O objetivo deste estudo foi avaliar o perfil ventilatório, radiológico e clínico dos pacientes submetidos à cirurgia de revascularização do miocárdio em hospital de referência em cardiologia, no sul do País.
MÉTODOS
A pesquisa caracteriza-se por ser um estudo de coorte, prospectivo, longitudinal, composto por indivíduos submetidos à cirurgia eletiva de revascularização do miocárdio com ponte de safena e/ou artéria mamária interna, através da esternotomia mediana, no período de abril de 2006 a fevereiro de 2007, no Instituto de Cardiologia do Rio Grande do Sul/Fundação Universitária de Cardiologia IC-FUC.
Amostra
A pesquisa realizou-se com 108 indivíduos submetidos à cirurgia eletiva de revascularização do miocárdio, com uso de circulação extracorpórea (CEC), operados de segundas a sextas-feiras pelo Sistema Único de Saúde (SUS). Não fizeram parte deste estudo pacientes que realizaram cirurgia de revascularização do miocárdio (CRM) associada à troca e/ou plastia de valva, aneurisma de ventrículo esquerdo, pacientes com CRM prévia e aqueles que, no período pós-operatório, permaneceram na unidade pós-operatória (UPO) no dia da segunda avaliação ou que retornaram para tal unidade, nesse período.
Inicialmente avaliaram-se 123 pacientes. Destes, oito foram a óbito, um realizou CRM sem CEC e os restantes de seis pacientes não completaram todas as etapas e foram considerados como perda do estudo.

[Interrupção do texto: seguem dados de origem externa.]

lemma is_cycle_walk:
  assumes "is_cycle V A C" and "on_cycle x C"
  obtains L f where "cycle_walk V A L f" "f 0 = x" "C = walk_edges f"
proof -
  obtain vs where vs: "length vs \<ge> 3" "distinct vs" "set vs \<subseteq> V"
    "\<forall>i < length vs. adj A (vs ! i) (vs ! ((i + 1) mod length vs))"
    "C = {{vs ! i, vs ! ((i + 1) mod length vs)} | i. i < length vs}"
    using assms(1) unfolding is_cycle_def by blast
  define g where "g t = vs ! (t mod length vs)" for t
  have g: "cycle_walk V A (length vs) g" "C = walk_edges g"
    using cycle_walk_from_list[OF vs(1-4)] vs(5) unfolding g_def by simp_all
  obtain p where "x = g p"
    using assms(2) unfolding on_cycle_def g(2) walk_edges_def by blast
  then show ?thesis
    using that[OF cycle_walk_shift[OF g(1), of p]] walk_edges_shift[OF g(1), of p] g(2) by simp
qed

context ograph
begin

O projeto foi aprovado pelo Comitê de Ética em Pesquisa do IC/FUC. Todos os participantes assinaram o Termo de Consentimento Livre e Esclarecido previamente à entrada no estudo.
Realizou-se uma avaliação pré-operatória que consistia na coleta de dados de identificação do paciente, informações detalhadas sobre fatores de risco e doenças associadas, tais como: idade avançada, tabagismo, obesidade, presença de pneumopatia, hipertensão arterial sistêmica, diabete mellitus, angina, insuficiência cardíaca e classificação da
New York Heart Association, infarto agudo do miocárdio e acidente vascular cerebral. Também se verificou a avaliação dos volumes e capacidades pulmonares, presença de distúrbio ventilatório por meio da espirometria e força muscular respiratória por meio da manovacuometria. O acompanhamento dos pacientes consistiu em informações das características do procedimento cirúrgico, complicações pulmonares pós-cirúrgicas por meio do serviço de radiologia, avaliação dos volumes e capacidades pulmonares, avaliação do distúrbio ventilatório, avaliação da força muscular ventilatória e evolução clínica do paciente até o momento da alta.
Observaram-se as radiografias obtidas no período pré-operatório, no primeiro e no sexto dia de pós-operatório, conforme laudo radiológico analisado pelo serviço de radiologia. No pré-operatório e no sexto dia pós-operatório, os pacientes realizaram o exame na radiologia na posição sentado; no primeiro dia pós-operatório, o exame na unidade pós-operatória foi na posição de decúbito dorsal, sem a presença do tubo orotraqueal. Identificaram-se complicações radiológicas pulmonares, tais como: áreas desarejadas e/ou consolidação, derrame pleural e pneumotórax.
Nesta pesquisa, consideraram-se pacientes de idade avançada aqueles indivíduos com idade
> 65 anos. Definiu-se sobrepeso como índice de massa corporal (IMC)
> 25,0 a 29,9 kg/m
2, obesidade como IMC
> 30,0 a 34,9 kg/m
2 e obesidade mórbida IMC
> 40,0 e acima kg/m
2. Os pacientes foram divididos em tabagistas e não tabagistas, e os tabagistas subsequentemente foram categorizados conforme o número de anos/carteira fumado, independente de o tabagismo ser atual ou prévio.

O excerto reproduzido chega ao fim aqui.